> **WORK INSTRUCTIONS**:
Look through the entries below, please, and copy every line with the word "intro".
★ ★ ★ ★
lemma orientation_fst_neq_snd:
  assumes "simple_graph E" and "orientation E Eo" and "e \<in> Eo"
  shows "fst e \<noteq> snd e"
  using assms unfolding simple_graph_def orientation_def by (metis prod.collapse)

lemma laplacian_sym: "laplacian Eo i j = laplacian Eo j i"
  unfolding laplacian_def by (simp add: mult.commute)

lemma laplacian_row_sum:
  fixes Eo :: "('v::finite \<times> 'v) set"
  assumes "\<And>e. e \<in> Eo \<Longrightarrow> fst e \<noteq> snd e"
  shows "(\<Sum>j\<in>UNIV. laplacian Eo i j) = 0"
proof -
  have "(\<Sum>j\<in>UNIV. laplacian Eo i j) = (\<Sum>e\<in>Eo. incidence i e * (\<Sum>j\<in>UNIV. incidence j e * 1))"
    unfolding laplacian_def sum_distrib_left by (simp add: sum.swap[of _ UNIV Eo])
  also have "\<dots> = 0"
  proof -
    have "(\<Sum>j\<in>UNIV. incidence j e * 1) = 0" if "e \<in> Eo" for e
      using sum_incidence_mult[OF assms[OF that], of "\<lambda>_. 1"] by simp
    then show ?thesis
      by simp
  qed
  finally show ?thesis .
qed

lemma laplacian_quadratic_form:
  fixes Eo :: "('v::finite \<times> 'v) set"
  assumes "\<And>e. e \<in> Eo \<Longrightarrow> fst e \<noteq> snd e"
  shows "(\<Sum>i\<in>UNIV. x i * (\<Sum>j\<in>UNIV. laplacian Eo i j * x j)) = (\<Sum>e\<in>Eo. (x (snd e) - x (fst e))\<^sup>2)"
proof -
  have "(\<Sum>i\<in>UNIV. x i * (\<Sum>j\<in>UNIV. laplacian Eo i j * x j))
      = (\<Sum>i\<in>UNIV. \<Sum>e\<in>Eo. incidence i e * x i * (\<Sum>j\<in>UNIV. incidence j e * x j))"
    unfolding laplacian_def sum_distrib_right sum_distrib_left
    by (simp add: sum.swap[of _ UNIV Eo] mult_ac)
  also have "\<dots> = (\<Sum>e\<in>Eo. (\<Sum>i\<in>UNIV. incidence i e * x i) * (\<Sum>j\<in>UNIV. incidence j e * x j))"
    unfolding sum_distrib_right by (rule sum.swap)
  also have "\<dots> = (\<Sum>e\<in>Eo. (x (snd e) - x (fst e))\<^sup>2)"
    using assms by (simp add: sum_incidence_mult power2_eq_square)
  finally show ?thesis .
qed

lemma laplacian_kernel_constant:
  fixes E :: "'v::finite \<Rightarrow> 'v \<Rightarrow> bool"
  assumes "simple_graph E" and "connected_graph E" and "orientation E Eo"
    and "\<And>i. (\<Sum>j\<in>UNIV. laplacian Eo i j * x j) = 0"
  shows "x u = x v"
proof -
  have "(\<Sum>e\<in>Eo. (x (snd e) - x (fst e))\<^sup>2) = 0"
    using laplacian_quadratic_form[of Eo x] orientation_fst_neq_snd[OF assms(1,3)] assms(4) by simp
  then have edge: "x (snd e) = x (fst e)" if "e \<in> Eo" for e
    using that sum_nonneg_eq_0_iff[of Eo "\<lambda>e. (x (snd e) - x (fst e))\<^sup>2"] by simp
  have step: "x a = x b" if "E a b" for a b
    using that edge[of "(a, b)"] edge[of "(b, a)"] \<open>orientation E Eo\<close>
    unfolding orientation_def by fastforce
  have "E\<^sup>*\<^sup>* u v"
    using \<open>connected_graph E\<close> unfolding connected_graph_def by blast
  then show ?thesis
    by (induction rule: rtranclp_induct) (auto dest: step)
qed

lemma laplacian_square_row_col_sum:
  assumes "simple_graph E" and "orientation E Eo"
  shows "(\<Sum>j\<in>UNIV. mat_pow (laplacian Eo) 2 i j) = 0"
    and "(\<Sum>i\<in>UNIV. mat_pow (laplacian Eo) 2 i j) = 0"
proof -
  have row: "(\<Sum>j\<in>UNIV. laplacian Eo i j) = 0" for i
    using laplacian_row_sum orientation_fst_neq_snd[OF assms] by blast
  have col: "(\<Sum>i\<in>UNIV. laplacian Eo i j) = 0" for j
    using row[of j] by (simp add: laplacian_sym[of Eo _ j])
  show "(\<Sum>j\<in>UNIV. mat_pow (laplacian Eo) 2 i j) = 0"
    unfolding mat_pow_two by (rule mat_mult_row_sum_zero[OF row])
  show "(\<Sum>i\<in>UNIV. mat_pow (laplacian Eo) 2 i j) = 0"
    unfolding mat_pow_two by (rule mat_mult_col_sum_zero[OF col])
qed

lemma laplacian_square_dissipative:
  fixes E :: "'v::finite \<Rightarrow> 'v \<Rightarrow> bool"
  assumes "simple_graph E" and "connected_graph E" and "orientation E Eo"
  obtains c where "c > 0"
    and "\<And>y. (\<Sum>i\<in>UNIV. y i) = 0 \<Longrightarrow>
      (\<Sum>i\<in>UNIV. y i * (\<Sum>l\<in>UNIV. - mat_pow (laplacian Eo) 2 i l * y l)) \<le> - c * (\<Sum>i\<in>UNIV. (y i)\<^sup>2)"
proof -
  have "x = (\<lambda>_. 0)"
    if "(\<Sum>i\<in>UNIV. x i) = 0" and "\<And>i. (\<Sum>j\<in>UNIV. laplacian Eo i j * x j) = 0"
    for x :: "'v \<Rightarrow> real"
  proof
    fix a
    have "(\<Sum>i\<in>UNIV. x i) = (\<Sum>i\<in>(UNIV::'v set). x a)"
      using laplacian_kernel_constant[OF assms that(2)] by (intro sum.cong) auto
    then show "x a = 0"
      using that(1) by simp
  qed
  then obtain c where "c > 0" and c: "\<And>y. (\<Sum>i\<in>UNIV. y i) = 0 \<Longrightarrow>
      c * (\<Sum>i\<in>UNIV. (y i)\<^sup>2) \<le> (\<Sum>i\<in>UNIV. (\<Sum>j\<in>UNIV. laplacian Eo i j * y j)\<^sup>2)"
    using coercive_on_sum_zero by blast
  show ?thesis
  proof (rule that[OF \<open>c > 0\<close>])
    fix y :: "'v \<Rightarrow> real"
    assume "(\<Sum>i\<in>UNIV. y i) = 0"
    then show "(\<Sum>i\<in>UNIV. y i * (\<Sum>l\<in>UNIV. - mat_pow (laplacian Eo) 2 i l * y l))
        \<le> - c * (\<Sum>i\<in>UNIV. (y i)\<^sup>2)"
      using c quadratic_form_mat_mult_self[of "laplacian Eo", OF laplacian_sym, of y]
      by (simp add: mat_pow_two sum_negf)
  qed
qed

theorem proposition6p7:
  fixes E :: "'v::finite \<Rightarrow> 'v \<Rightarrow> bool" and Eo :: "('v \<times> 'v) set"
  assumes "simple_graph E" and "connected_graph E" and "orientation E Eo"
  shows "\<exists>t0>0. \<forall>t\<ge>t0.
     let M = mat_exp (\<lambda>i j. - t * mat_pow (laplacian Eo) 2 i j) in
       (\<forall>f::'v \<Rightarrow> complex. (\<forall>v. f v \<in> \<real> \<and> 0 \<le> Re (f v)) \<longrightarrow>
            (\<forall>v. mat_vec M f v \<in> \<real> \<and> 0 \<le> Re (mat_vec M f v))) \<and>
       (\<forall>f::'v \<Rightarrow> complex. sup_norm (mat_vec M f) \<le> sup_norm f)"
proof -
  define D where "D = (\<lambda>a b. - mat_pow (laplacian Eo) 2 a b)"
  have row: "(\<Sum>j\<in>UNIV. D i j) = 0" and col: "(\<Sum>i\<in>UNIV. D i j) = 0" for i j
    using laplacian_square_row_col_sum[OF assms(1,3)] by (simp_all add: D_def sum_negf)
  obtain c where "c > 0" and dissipative: "\<And>y. (\<Sum>i\<in>UNIV. y i) = 0 \<Longrightarrow>
      (\<Sum>i\<in>UNIV. y i * (\<Sum>l\<in>UNIV. D i l * y l)) \<le> - c * (\<Sum>i\<in>UNIV. (y i)\<^sup>2)"
    using laplacian_square_dissipative[OF assms] unfolding D_def by blast
  have scaled: "(\<lambda>i j. - t * mat_pow (laplacian Eo) 2 i j) = (\<lambda>a b. t * D a b)" for t
    by (simp add: D_def)
  show ?thesis
    unfolding Let_def scaled sub_markovian_def[symmetric]
    by (intro eventually_at_top_imp_pos_threshold mat_exp_eventually_sub_markovian[OF row col \<open>c > 0\<close>]
        dissipative)
qed

end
★ ★ ★ ★
> **ANSWER FOR THIS EXERCISE**:
      using laplacian_kernel_constant[OF assms that(2)] by (intro sum.cong) auto
    by (intro eventually_at_top_imp_pos_threshold mat_exp_eventually_sub_markovian[OF row col \<open>c > 0\<close>]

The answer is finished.